• _TASK INSTRUCTIONS_
Within the records, find every line that includes the word "labelled" and copy it.

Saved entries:
*** Block opens ***

(* Let $\mathfrak{R}$ be a read set with maximal read length $L$. Then every string of length $2L$ and every non-contained read of $\mathfrak{R}$ is a conductor for $\mathrm{CC}(\mathfrak{R})$.
   Context: All strings are over a fixed finite alphabet $\Sigma$ (in the paper's convention this is the alphabet of $k$-mers, so overlaps of length at least $1$ correspond to overlaps of at least $k$ nucleotides). A cyclic string is a bi-infinite periodic word $\mathbb{Z}\to\Sigma$ up to shift; for a nonempty finite $x$, $\langle x\rangle$ is the cyclic string repeating $x$ in both directions. A read set $\mathfrak{R}$ is a finite set of nonempty finite strings (reads); a read is non-contained if it is not a substring of any other read of $\mathfrak{R}$. A read chain is a sequence of reads $r_1,\dots,r_n$ (repetitions allowed) together with integers $t_1,\dots,t_{n-1}$ with $1\le t_i\le\min(|r_i|,|r_{i+1}|)$ such that the length-$t_i$ suffix of $r_i$ equals the length-$t_i$ prefix of $r_{i+1}$; its merged string is $r_1$ followed, for $i=1,\dots,n-1$, by $r_{i+1}$ with its first $t_i$ characters removed. A chain is cyclic if $n\ge 2$ and $r_1=r_n$; then its merged string has the form $r_1x$, and if $x$ is nonempty the label of the cyclic chain is $\langle x\rangle$. $\mathrm{CC}(\mathfrak{R})$ is the set of labels of cyclic read chains. A finite string $v$ is a conductor for a set $\mathfrak{C}$ of cyclic strings if for all nonempty finite strings $a,b$ such that $va$ and $vb$ both end with $v$, we have $\langle ab\rangle\in\mathfrak{C}$ if and only if $\langle a\rangle\in\mathfrak{C}$ and $\langle b\rangle\in\mathfrak{C}$. *)

theory Defs
  imports Main "HOL-Library.Sublist"
begin

text \<open>Cyclic strings: a bi-infinite periodic word, taken up to shift, is represented
by its shift-equivalence class (a set of functions int to the alphabet).\<close>

definition cyc :: "'a list \<Rightarrow> (int \<Rightarrow> 'a) set" where
  "cyc x = {f. \<exists>s::int. \<forall>i. f i = x ! nat ((i + s) mod int (length x))}"

definition read_chain :: "'a list set \<Rightarrow> 'a list list \<Rightarrow> nat list \<Rightarrow> bool" where
  "read_chain R rs ts \<longleftrightarrow> rs \<noteq> [] \<and> set rs \<subseteq> R \<and> length ts = length rs - 1 \<and>
     (\<forall>i < length ts. 1 \<le> ts ! i \<and> ts ! i \<le> min (length (rs ! i)) (length (rs ! Suc i)) \<and>
        drop (length (rs ! i) - ts ! i) (rs ! i) = take (ts ! i) (rs ! Suc i))"

definition merged :: "'a list list \<Rightarrow> nat list \<Rightarrow> 'a list" where
  "merged rs ts = hd rs @ concat (map (\<lambda>i. drop (ts ! i) (rs ! Suc i)) [0..<length ts])"

definition cyclic_chain :: "'a list set \<Rightarrow> 'a list list \<Rightarrow> nat list \<Rightarrow> bool" where
  "cyclic_chain R rs ts \<longleftrightarrow> read_chain R rs ts \<and> length rs \<ge> 2 \<and> hd rs = last rs"

text \<open>Label: merged string is r1 x; label is the cyclic string of x (x nonempty).\<close>

definition CC :: "'a list set \<Rightarrow> (int \<Rightarrow> 'a) set set" where
  "CC R = {cyc (drop (length (hd rs)) (merged rs ts)) | rs ts.
             cyclic_chain R rs ts \<and> drop (length (hd rs)) (merged rs ts) \<noteq> []}"

definition conductor :: "'a list \<Rightarrow> (int \<Rightarrow> 'a) set set \<Rightarrow> bool" where
  "conductor v C \<longleftrightarrow> (\<forall>a b. a \<noteq> [] \<longrightarrow> b \<noteq> [] \<longrightarrow> suffix v (v @ a) \<longrightarrow> suffix v (v @ b) \<longrightarrow>
      (cyc (a @ b) \<in> C \<longleftrightarrow> cyc a \<in> C \<and> cyc b \<in> C))"

definition read_set :: "'a list set \<Rightarrow> bool" where
  "read_set R \<longleftrightarrow> finite R \<and> (\<forall>r\<in>R. r \<noteq> [])"

definition non_contained :: "'a list set \<Rightarrow> 'a list \<Rightarrow> bool" where
  "non_contained R r \<longleftrightarrow> r \<in> R \<and> (\<forall>r'\<in>R. r' \<noteq> r \<longrightarrow> \<not> sublist r r')"

end

theory Submission
  imports Defs
begin

(* A closed walk in the overlap graph of R spells the label of a cyclic read chain. Call an
   occurrence of a read r at offset p of v an anchor of v if, wherever v occurs, no longer read
   occurrence covers that copy of r. A walk through such a maximal occurrence can be cut there:
   the parts before and after it are again walks. If v a and v b end with v (so |a| and |b| are
   periods of v), then v a and v b occur in powers of a b, and of a and b respectively; cutting
   the closed walks spelling these powers at the anchors in two overlapping copies of v gives
   closed walks at r labelled by rotations of a and of b, and conversely these two closed walks
   concatenate to one labelled by a rotation of a b. A non-contained read is its own anchor.
   If |v| = 2L, the longest read occurrence in v covering position L is an anchor, because every
   read covering that position lies inside v. *)

section \<open>Walks in the overlap graph\<close>

inductive walk :: "'a list set \<Rightarrow> 'a list \<Rightarrow> 'a list \<Rightarrow> 'a list \<Rightarrow> bool" for R where
  walk_single: "r \<in> R \<Longrightarrow> walk R r r r"
| walk_extend: "walk R r0 s r1 \<Longrightarrow> r2 \<in> R \<Longrightarrow> 1 \<le> t \<Longrightarrow> t \<le> length r1 \<Longrightarrow> t \<le> length r2 \<Longrightarrow>
     drop (length r1 - t) r1 = take t r2 \<Longrightarrow> walk R r0 (s @ drop t r2) r2"

lemma walk_ends: "walk R r0 s r1 \<Longrightarrow> r0 \<in> R \<and> r1 \<in> R \<and> prefix r0 s \<and> suffix r1 s"
proof (induction rule: walk.induct)
  case (walk_extend r0 s r1 r2 t)
  have "r2 = drop (length r1 - t) r1 @ drop t r2"
    using walk_extend.hyps(6) by (metis append_take_drop_id)
  moreover have "suffix (drop (length r1 - t) r1) s"
    using walk_extend.IH suffix_drop suffix_order.order_trans by blast
  ultimately have "suffix r2 (s @ drop t r2)"
    by (metis append.assoc suffix_def)
  then show ?case using walk_extend by (auto intro: prefix_prefix)
qed auto

lemma read_chain_snoc:
  assumes "rs \<noteq> []" and "length ts = length rs - 1"
  shows "read_chain R (rs @ [x]) (ts @ [t]) \<longleftrightarrow> read_chain R rs ts \<and> x \<in> R \<and> 1 \<le> t \<and>
     t \<le> min (length (last rs)) (length x) \<and> drop (length (last rs) - t) (last rs) = take t x"
proof -
  obtain n where n: "length rs = Suc n" "length ts = n" using assms by (cases rs) auto
  define overlap where "overlap = (\<lambda>(ts::nat list) (rs::'a list list) i. 1 \<le> ts ! i \<and>
     ts ! i \<le> min (length (rs ! i)) (length (rs ! Suc i)) \<and>
     drop (length (rs ! i) - ts ! i) (rs ! i) = take (ts ! i) (rs ! Suc i))"
  have chain: "read_chain R rs' ts' \<longleftrightarrow> rs' \<noteq> [] \<and> set rs' \<subseteq> R \<and> length ts' = length rs' - 1 \<and>
      (\<forall>i<length ts'. overlap ts' rs' i)" for rs' ts'
    unfolding read_chain_def overlap_def by simp
  have old: "(\<forall>i<n. overlap (ts @ [t]) (rs @ [x]) i) \<longleftrightarrow> (\<forall>i<n. overlap ts rs i)"
    using n by (auto simp: nth_append overlap_def)
  have new: "overlap (ts @ [t]) (rs @ [x]) n \<longleftrightarrow> 1 \<le> t \<and>
     t \<le> min (length (last rs)) (length x) \<and> drop (length (last rs) - t) (last rs) = take t x"
    using n assms by (auto simp: nth_append last_conv_nth overlap_def)
  show ?thesis
    unfolding chain[of "rs @ [x]"] chain[of rs] n(2) length_append_singleton All_less_Suc old new
    using n by auto
qed

lemma merged_snoc:
  assumes "rs \<noteq> []" and "length ts = length rs - 1"
  shows "merged (rs @ [x]) (ts @ [t]) = merged rs ts @ drop t x"
proof -
  obtain n where n: "length rs = Suc n" "length ts = n" using assms by (cases rs) auto
  have "concat (map (\<lambda>i. drop ((ts @ [t]) ! i) ((rs @ [x]) ! Suc i)) [0..<n])
      = concat (map (\<lambda>i. drop (ts ! i) (rs ! Suc i)) [0..<n])"
    using n by (intro arg_cong[where f=concat] map_cong) (auto simp: nth_append)
  then show ?thesis using assms n unfolding merged_def by (simp add: nth_append)
qed

lemma walk_if_read_chain: "read_chain R rs ts \<Longrightarrow> walk R (hd rs) (merged rs ts) (last rs)"
proof (induction rs arbitrary: ts rule: rev_induct)
  case (snoc x rs)
  show ?case
  proof (cases "rs = []")
    case True
    then show ?thesis using snoc.prems by (simp add: read_chain_def merged_def walk_single)
  next
    case False
    then obtain ts' t where ts: "ts = ts' @ [t]" and len: "length ts' = length rs - 1"
      using snoc.prems unfolding read_chain_def by (metis length_0_conv rev_exhaust length_append_singleton
          diff_Suc_1 length_greater_0_conv)
    note chain = snoc.prems[unfolded ts read_chain_snoc[OF False len]]
    then have "walk R (hd rs) (merged rs ts' @ drop t x) x"
      using snoc.IH by (intro walk_extend) auto
    then show ?thesis using ts False merged_snoc[OF False len] by simp
  qed
qed (simp add: read_chain_def)

lemma read_chain_if_walk:
  "walk R r0 s r1 \<Longrightarrow> \<exists>rs ts. read_chain R rs ts \<and> hd rs = r0 \<and> last rs = r1 \<and> merged rs ts = s"
proof (induction rule: walk.induct)
  case (walk_single r)
  then show ?case by (intro exI[of _ "[r]"] exI[of _ "[]"]) (simp add: read_chain_def merged_def)
next
  case (walk_extend r0 s r1 r2 t)
  then obtain rs ts where chain: "read_chain R rs ts" "hd rs = r0" "last rs = r1" "merged rs ts = s"
    by blast
  then have "rs \<noteq> []" and "length ts = length rs - 1" by (auto simp: read_chain_def)
  then show ?case using chain walk_extend
    by (intro exI[of _ "rs @ [r2]"] exI[of _ "ts @ [t]"]) (simp add: read_chain_snoc merged_snoc)
qed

*** Block closes ***

• _SOLVED EXERCISE_
   closed walks at r labelled by rotations of a and of b, and conversely these two closed walks
   concatenate to one labelled by a rotation of a b. A non-contained read is its own anchor.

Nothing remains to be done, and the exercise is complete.